The reasons why people choose not to drink alcohol are varied, says Ezra Star, general manager of Boston cocktail bar Drink, such as health, religion or allergies. But several studies, including one funded by Mocktails, a U.K.-based bottled zero-proof cocktail company that Star works with, also found that one compelling reason for the younger generation to abstain was social media.
“Young people don’t want to look ridiculous,” Star says. “They want to participate, but they are also very conscious of how they look.”
Not wanting to be blackout drunk is always a good goal, but choosing not to drink when out with friends can sometimes be viewed as social suicide.
“I personally have gotten bullied for being out with large groups and not drinking,” says bartender Carpenter. “It’s important for people to be able to go out to a bar and not feel shamed or judged. You just want someone to be nice to you and give you a sense of belonging.”
That’s where a well-crafted zero-proof cocktail comes in — and it might cost close to the same as the alcohol-fueled items on the same menu, because of the labor and the pricier ingredients being used, whether it’s exotic fruits or products like Seedlip, which retails for about the same price as many traditional liquor brands.
“I love to cook,” says Carpenter, “so I’m making shrubs and bitters and garnishes. There’s a lot of labor that goes into those. I use Seedlip for a non-alcoholic Gibson martini with a house-made pickle brine — it’s truly a craft cocktail. It just doesn’t happen to have alcohol in it.”
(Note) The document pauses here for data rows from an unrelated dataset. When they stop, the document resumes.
lemma sum_upper_half_fvec_checkPhi:
  fixes n :: nat
  defines "I \<equiv> {n div 2 + 1..n - 1}"
  assumes "odd n" and S: "S \<subseteq> {1..n}"
  shows "(\<Sum>i\<in>I. (-1) ^ i * int (n choose i) * fvec n (checkPhi n i) S) = lower_boolean_flag n
      (\<lambda>m. int (n choose m) * (\<Sum>i\<in>I. (-1) ^ i * int (m choose i)))
      (\<lambda>m. int (n choose m) * ((\<Sum>i\<in>I. (-1) ^ i * int (n choose i)) + (if m = 0 then 0 else -1))) S"
    (is "_ = ?rhs")
proof -
  have "(\<Sum>i\<in>I. (-1) ^ i * int (n choose i) * fvec n (checkPhi n i) S)
      = (\<Sum>i\<in>I. (-1) ^ i * lower_boolean_flag n
          (\<lambda>m. int (n choose m) * int (m choose i))
          (\<lambda>m. int (n choose m) * (int (n choose i) + int (m choose i) - int (m choose (n - i)))) S)"
    using S unfolding I_def by (intro sum.cong) (auto simp: choose_mult_fvec_checkPhi mult.assoc)
  also have "\<dots> = lower_boolean_flag n
      (\<lambda>m. \<Sum>i\<in>I. (-1) ^ i * (int (n choose m) * int (m choose i)))
      (\<lambda>m. \<Sum>i\<in>I. (-1) ^ i * (int (n choose m) * (int (n choose i) + int (m choose i) - int (m choose (n - i))))) S"
    by (rule sum_lower_boolean_flag)
  also have "\<dots> = ?rhs"
  proof (rule lower_boolean_flag_cong)
    fix m assume "m < n"
    have "(\<Sum>i\<in>I. (-1) ^ i * (int (n choose m) * (int (n choose i) + int (m choose i) - int (m choose (n - i)))))
        = int (n choose m) * ((\<Sum>i\<in>I. (-1) ^ i * int (n choose i))
          + (\<Sum>i\<in>I. (-1) ^ i * (int (m choose i) - int (m choose (n - i)))))"
      by (simp add: ring_distribs sum.distrib sum_subtractf sum_distrib_left mult_ac)
    then show "(\<Sum>i\<in>I. (-1) ^ i * (int (n choose m) * (int (n choose i) + int (m choose i) - int (m choose (n - i)))))
        = int (n choose m) * ((\<Sum>i\<in>I. (-1) ^ i * int (n choose i)) + (if m = 0 then 0 else -1))"
      using sum_upper_half_alternating_choose[OF \<open>odd n\<close> \<open>m < n\<close>] unfolding I_def by simp
  qed (use \<open>odd n\<close> S in \<open>simp_all add: odd_pos sum_distrib_left mult.left_commute\<close>)
  finally show ?thesis .
qed
(* Let $n\ge2$ and let $Q=K(n,n)$ be the complete bipartite quiver with $n$ sources and $n$ sinks and exactly one arrow from each source to each sink. Suppose $m_1+\dots+m_k=q_1+\dots+q_k$ for some $k\ge4$, where all $m_i,q_j$ are (characteristic vectors in $\mathbb{Z}^{Q_1}$ of) perfect matchings of $Q$. Suppose moreover that for some $0\le l\le n-2$ there is a near perfect matching $p$ with $p\le m_1+m_2$ such that $p$ contains $l$ arrows of $q_1$. Then there exist $j\ge3$, perfect matchings $m'_1,m'_2,m'_j$ and a near perfect matching $p'$ such that $m_1+m_2+m_j=m'_1+m'_2+m'_j$, $p'\le m'_1+m'_2$, and $p'$ contains $l+1$ arrows of $q_1$.
   Context: A perfect matching of $K(n,n)$ is a set of $n$ arrows covering each vertex exactly once; a near perfect matching is a set of $n-1$ pairwise disjoint arrows (covering all vertices except one source and one sink). Matchings are identified with their characteristic vectors in $\mathbb{Z}_{\ge0}^{Q_1}$, and $\le$ denotes the componentwise partial order on $\mathbb{Z}^{Q_1}$. *)

theory Defs
  imports Main
begin

text \<open>The complete bipartite quiver K(n,n): sources 0..n-1, sinks 0..n-1,
  one arrow (i,j) from source i to sink j. Subsets of arrows are identified
  with their characteristic vectors in Z^{Q_1}.\<close>

definition arrows :: "nat \<Rightarrow> (nat \<times> nat) set" where
  "arrows n = {0..<n} \<times> {0..<n}"

definition disjoint_arrows :: "(nat \<times> nat) set \<Rightarrow> bool" where
  "disjoint_arrows M \<longleftrightarrow>
     (\<forall>a\<in>M. \<forall>b\<in>M. a \<noteq> b \<longrightarrow> fst a \<noteq> fst b \<and> snd a \<noteq> snd b)"

definition perfect_matching :: "nat \<Rightarrow> (nat \<times> nat) set \<Rightarrow> bool" where
  "perfect_matching n M \<longleftrightarrow> M \<subseteq> arrows n \<and>
     (\<forall>i<n. \<exists>!j. (i, j) \<in> M) \<and> (\<forall>j<n. \<exists>!i. (i, j) \<in> M)"

definition near_perfect_matching :: "nat \<Rightarrow> (nat \<times> nat) set \<Rightarrow> bool" where
  "near_perfect_matching n P \<longleftrightarrow> P \<subseteq> arrows n \<and> card P = n - 1 \<and> disjoint_arrows P"

definition chi :: "(nat \<times> nat) set \<Rightarrow> (nat \<times> nat) \<Rightarrow> int" where
  "chi M a = (if a \<in> M then 1 else 0)"

end

theory Submission
  imports Defs
begin

text \<open>Let \<open>s\<close> be the source missed by \<open>p\<close> and \<open>(s, t)\<close> the arrow of \<open>q\<^sub>1\<close> at \<open>s\<close>.
  Exchanging the arrow of \<open>p\<close> into \<open>t\<close> (or, if there is none, any arrow of \<open>p\<close> outside
  \<open>q\<^sub>1\<close>) for \<open>(s, t)\<close> gives a near perfect matching \<open>p'\<close> with one more arrow of \<open>q\<^sub>1\<close>.
  Since \<open>q\<^sub>1 \<le> m\<^sub>1 + \<dots> + m\<^sub>k\<close>, the arrow \<open>(s, t)\<close> lies in some \<open>m\<^sub>j\<close>, so
  \<open>p' \<le> D = m\<^sub>1 + m\<^sub>2 + m\<^sub>j\<close> for a suitable \<open>j \<ge> 3\<close>. Now \<open>D\<close> is a 3-regular bipartite
  multigraph, and \<open>D - p'\<close> has row sums at least 2 and column sums at most 2, except 3 at
  the sink missed by \<open>p'\<close>; this is enough for Hall's theorem to give a perfect matching
  \<open>m\<^sub>j' \<le> D - p'\<close>. Finally \<open>D - m\<^sub>j' \<ge> p'\<close> is 2-regular, hence (Koenig) a sum
  \<open>m\<^sub>1' + m\<^sub>2'\<close> of perfect matchings.\<close>

lemma chi_eq_of_bool: "chi M a = of_bool (a \<in> M)"
  by (simp add: chi_def)

lemma chi_nonneg: "0 \<le> chi M a"
  by (simp add: chi_def)

lemma subset_if_chi_le_add:
  assumes "\<forall>a. chi P a \<le> chi A a + chi B a"
  shows "P \<subseteq> A \<union> B"
proof
  fix a assume "a \<in> P"
  then have "1 \<le> chi A a + chi B a" using assms[rule_format, of a] by (simp add: chi_def)
  then show "a \<in> A \<union> B" by (auto simp: chi_def split: if_splits)
qed

lemma chi_sum_eq_member:
  assumes "(\<Sum>i\<in>I. chi (m i) a) = (\<Sum>i\<in>I. chi (q i) a)" "finite I" "i \<in> I" "a \<in> q i"
  obtains i' where "i' \<in> I" "a \<in> m i'"
proof -
  have "chi (q i) a \<le> (\<Sum>i\<in>I. chi (q i) a)"
    using assms(2,3) by (intro member_le_sum) (simp_all add: chi_nonneg)
  with assms(1,4) have "(\<Sum>i\<in>I. chi (m i) a) \<noteq> 0" by (simp add: chi_def)
  then obtain i' where "i' \<in> I" "chi (m i') a \<noteq> 0" by (rule sum.not_neutral_contains_not_neutral)
  then show thesis using that by (simp add: chi_def split: if_splits)
qed

section \<open>Hall's marriage theorem\<close>

definition hall_condition :: "'a set \<Rightarrow> ('a \<Rightarrow> 'b set) \<Rightarrow> bool" where
  "hall_condition I A \<longleftrightarrow> (\<forall>J\<subseteq>I. card J \<le> card (\<Union>(A ` J)))"

lemma hall_condition_subset: "hall_condition I A \<Longrightarrow> J \<subseteq> I \<Longrightarrow> hall_condition J A"
  by (auto simp: hall_condition_def)

lemma hall_condition_remove_critical:
  assumes hall: "hall_condition I A" and fin: "finite I" "\<forall>i\<in>I. finite (A i)"
    and J: "J \<subseteq> I" "card (\<Union>(A ` J)) = card J"
  shows "hall_condition (I - J) (\<lambda>i. A i - \<Union>(A ` J))"
  unfolding hall_condition_def
proof (intro allI impI)
  fix K assume K: "K \<subseteq> I - J"
  have finK: "finite K" and finJ: "finite J"
    using K J(1) fin(1) by (auto intro: finite_subset)
  have fin_union: "finite (\<Union>(A ` (K \<union> J)))"
    using K J(1) fin finK finJ by auto
  have "card K + card J = card (K \<union> J)"
    using K finK finJ by (subst card_Un_disjoint) auto
  also have "\<dots> \<le> card (\<Union>(A ` (K \<union> J)))"
    using K J(1) by (intro hall[unfolded hall_condition_def, rule_format]) blast
  also have "\<dots> = card (\<Union>(A ` (K \<union> J)) - \<Union>(A ` J)) + card (\<Union>(A ` J))"
  proof -
    have "\<Union>(A ` J) \<subseteq> \<Union>(A ` (K \<union> J))" by blast
    with fin_union show ?thesis
      by (simp add: card_Diff_subset card_mono finite_subset)
  qed
  also have "\<Union>(A ` (K \<union> J)) - \<Union>(A ` J) = \<Union>((\<lambda>i. A i - \<Union>(A ` J)) ` K)"
    by auto
  finally show "card K \<le> card (\<Union>((\<lambda>i. A i - \<Union>(A ` J)) ` K))"
    using J(2) by simp
qed

lemma hall_condition_remove_one:
  assumes hall: "hall_condition I A" and fin: "finite I"
    and slack: "\<forall>J\<subseteq>I. J \<noteq> {} \<longrightarrow> J \<noteq> I \<longrightarrow> card J < card (\<Union>(A ` J))"
    and i0: "i0 \<in> I"
  shows "hall_condition (I - {i0}) (\<lambda>i. A i - {x})"
  unfolding hall_condition_def
proof (intro allI impI)
  fix K assume K: "K \<subseteq> I - {i0}"
  show "card K \<le> card (\<Union>((\<lambda>i. A i - {x}) ` K))"
  proof (cases "K = {}")
    case False
    have "K \<subseteq> I" "K \<noteq> I" using K i0 by auto
    with False have "card K < card (\<Union>(A ` K))" by (simp add: slack)
    then have "card K \<le> card (\<Union>(A ` K)) - 1" by linarith
    also have "\<dots> \<le> card (\<Union>(A ` K) - {x})" by (simp add: card_Diff_singleton_if)
    also have "\<Union>(A ` K) - {x} = \<Union>((\<lambda>i. A i - {x}) ` K)" by blast
    finally show ?thesis .
  qed simp
qed

lemma representatives_glue:
  assumes "J \<subseteq> I" and R1: "\<forall>i\<in>J. R1 i \<in> A i" "inj_on R1 J"
    and R2: "\<forall>i\<in>I - J. R2 i \<in> A i - \<Union>(A ` J)" "inj_on R2 (I - J)"
  shows "\<exists>R. (\<forall>i\<in>I. R i \<in> A i) \<and> inj_on R I"
proof -
  define R where "R i = (if i \<in> J then R1 i else R2 i)" for i
  have "inj_on R J" using R1(2) by (auto simp: R_def inj_on_def)
  moreover have "inj_on R (I - J)" using R2(2) by (auto simp: R_def inj_on_def)
  moreover have "R ` J \<inter> R ` (I - J) = {}" using R1(1) R2(1) by (auto simp: R_def)
  moreover have "J - (I - J) = J" "J \<union> (I - J) = I" using assms(1) by auto
  ultimately have "inj_on R I" using inj_on_Un[of R J "I - J"] by (metis Diff_idemp)
  moreover have "\<forall>i\<in>I. R i \<in> A i" using R1(1) R2(1) by (simp add: R_def)
  ultimately show ?thesis by blast
qed

text \<open>Halmos and Vaughan's induction: either a proper subfamily \<open>J\<close> is critical, and then
  \<open>J\<close> and the rest with \<open>\<Union>(A ` J)\<close> removed both satisfy Hall's condition, or every proper
  subfamily has slack, and any element of \<open>A i\<close> may be fixed as the representative of \<open>i\<close>.\<close>
theorem hall_marriage:
  assumes "finite I" "\<forall>i\<in>I. finite (A i)" "hall_condition I A"
  shows "\<exists>R. (\<forall>i\<in>I. R i \<in> A i) \<and> inj_on R I"
  using assms
proof (induction "card I" arbitrary: I A rule: less_induct)
  case less
  note fin = less.prems(1,2) and hall = less.prems(3)
  show ?case
  proof (cases "\<exists>J\<subseteq>I. J \<noteq> {} \<and> J \<noteq> I \<and> card (\<Union>(A ` J)) \<le> card J")
    case True
    then obtain J where J: "J \<subseteq> I" "J \<noteq> {}" "J \<noteq> I" "card (\<Union>(A ` J)) \<le> card J"
      by blast
    have finJ: "finite J" using J(1) fin(1) by (rule finite_subset)
    have "card J \<le> card (\<Union>(A ` J))" using hall J(1) by (simp add: hall_condition_def)
    with J(4) have critical: "card (\<Union>(A ` J)) = card J" by linarith
    have "card J < card I" using J(1,3) fin(1) by (simp add: psubset_card_mono)
    moreover have "\<forall>i\<in>J. finite (A i)" using J(1) fin(2) by blast
    ultimately obtain R1 where R1: "\<forall>i\<in>J. R1 i \<in> A i" "inj_on R1 J"
      using less.hyps[OF _ finJ _ hall_condition_subset[OF hall J(1)]] by blast
    have "0 < card J" "card J \<le> card I"
      using J(1,2) finJ fin(1) by (auto simp: card_mono)
    then have "card (I - J) < card I"
      using J(1) finJ by (simp add: card_Diff_subset)
    moreover have "finite (I - J)" "\<forall>i\<in>I - J. finite (A i - \<Union>(A ` J))" using fin by auto
    ultimately obtain R2 where R2: "\<forall>i\<in>I - J. R2 i \<in> A i - \<Union>(A ` J)" "inj_on R2 (I - J)"
      using less.hyps[OF _ _ _ hall_condition_remove_critical[OF hall fin J(1) critical]] by blast
    with J(1) R1 show ?thesis by (rule representatives_glue)
  next
    case False
    then have slack: "\<forall>J\<subseteq>I. J \<noteq> {} \<longrightarrow> J \<noteq> I \<longrightarrow> card J < card (\<Union>(A ` J))"
      by (auto simp: not_le)
    show ?thesis
    proof (cases "I = {}")
      case False
      then obtain i where i: "i \<in> I" by blast
      then have "{i} \<subseteq> I" by simp
      then have "card {i} \<le> card (\<Union>(A ` {i}))" using hall unfolding hall_condition_def by blast
      then obtain x where x: "x \<in> A i" by fastforce
      have "card (I - {i}) < card I" using fin(1) i by (rule card_Diff1_less)
      moreover have "finite (I - {i})" "\<forall>i\<in>I - {i}. finite (A i - {x})" using fin by auto
      ultimately obtain R where R: "\<forall>i'\<in>I - {i}. R i' \<in> A i' - {x}" "inj_on R (I - {i})"
        using less.hyps[OF _ _ _ hall_condition_remove_one[OF hall fin(1) slack i]] by blast
      have "inj_on (R(i := x)) I"
        using R i by (auto simp: inj_on_def)
      moreover have "\<forall>i'\<in>I. (R(i := x)) i' \<in> A i'" using R(1) x by simp
      ultimately show ?thesis by blast
    qed simp
  qed
qed

definition row_sum :: "nat \<Rightarrow> (nat \<times> nat \<Rightarrow> int) \<Rightarrow> nat \<Rightarrow> int" where
  "row_sum n H i = (\<Sum>j<n. H (i, j))"

definition col_sum :: "nat \<Rightarrow> (nat \<times> nat \<Rightarrow> int) \<Rightarrow> nat \<Rightarrow> int" where
  "col_sum n H j = (\<Sum>i<n. H (i, j))"

lemma row_sum_add [simp]: "row_sum n (\<lambda>a. H a + G a) i = row_sum n H i + row_sum n G i"
  by (simp add: row_sum_def sum.distrib)

lemma col_sum_add [simp]: "col_sum n (\<lambda>a. H a + G a) j = col_sum n H j + col_sum n G j"
  by (simp add: col_sum_def sum.distrib)

lemma row_sum_diff [simp]: "row_sum n (\<lambda>a. H a - G a) i = row_sum n H i - row_sum n G i"
  by (simp add: row_sum_def sum_subtractf)

lemma col_sum_diff [simp]: "col_sum n (\<lambda>a. H a - G a) j = col_sum n H j - col_sum n G j"
  by (simp add: col_sum_def sum_subtractf)

lemma row_sum_chi: "row_sum n (chi M) i = int (card {j. j < n \<and> (i, j) \<in> M})"
proof -
  have "{..<n} \<inter> {j. (i, j) \<in> M} = {j. j < n \<and> (i, j) \<in> M}" by blast
  then show ?thesis by (simp add: row_sum_def chi_eq_of_bool)
qed

lemma col_sum_chi: "col_sum n (chi M) j = int (card {i. i < n \<and> (i, j) \<in> M})"
proof -
  have "{..<n} \<inter> {i. (i, j) \<in> M} = {i. i < n \<and> (i, j) \<in> M}" by blast
  then show ?thesis by (simp add: col_sum_def chi_eq_of_bool)
qed

lemma perfect_matching_subset_arrows: "perfect_matching n M \<Longrightarrow> M \<subseteq> arrows n"
  by (simp add: perfect_matching_def)

lemma row_sum_chi_perfect_matching:
  assumes "perfect_matching n M" "i < n"
  shows "row_sum n (chi M) i = 1"
proof -
  have "\<exists>!j. (i, j) \<in> M" using assms by (simp add: perfect_matching_def)
  then obtain j where "(i, j) \<in> M" "\<forall>j'. (i, j') \<in> M \<longrightarrow> j' = j" by blast
  moreover have "j < n"
    using calculation(1) perfect_matching_subset_arrows[OF assms(1)] by (auto simp: arrows_def)
  ultimately have "{j'. j' < n \<and> (i, j') \<in> M} = {j}" by blast
  then show ?thesis by (simp add: row_sum_chi)
qed

lemma col_sum_chi_perfect_matching:
  assumes "perfect_matching n M" "j < n"
  shows "col_sum n (chi M) j = 1"
proof -
  have "\<exists>!i. (i, j) \<in> M" using assms by (simp add: perfect_matching_def)
  then obtain i where "(i, j) \<in> M" "\<forall>i'. (i', j) \<in> M \<longrightarrow> i' = i" by blast
  moreover have "i < n"
    using calculation(1) perfect_matching_subset_arrows[OF assms(1)] by (auto simp: arrows_def)
  ultimately have "{i'. i' < n \<and> (i', j) \<in> M} = {i}" by blast
  then show ?thesis by (simp add: col_sum_chi)
qed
In developing recipes for the Mocktails brand, Star focused on building complex flavors that could provide the same experience of traditional favorites, including a sangria made with a blend of grapes sourced from Italy, France and Spain. Bitter orange and juniper lend some traditional flavor to many of the recipes, while ingredients like carthamus flower and black carrot can add more earthy, vegetal notes, keeping the recipe from skewing too sweet.
“People are shocked that the zero-proof margarita doesn’t have tequila in it,” says Star. “But complex flavors can mimic spirits.”
Seedlip’s Branson agrees, saying, “If you take the alcohol out, it won’t just magically be the same. Ultimately, that drink has to stand on its own.”
Kristen Hartke is a food writer based in Washington, D.C.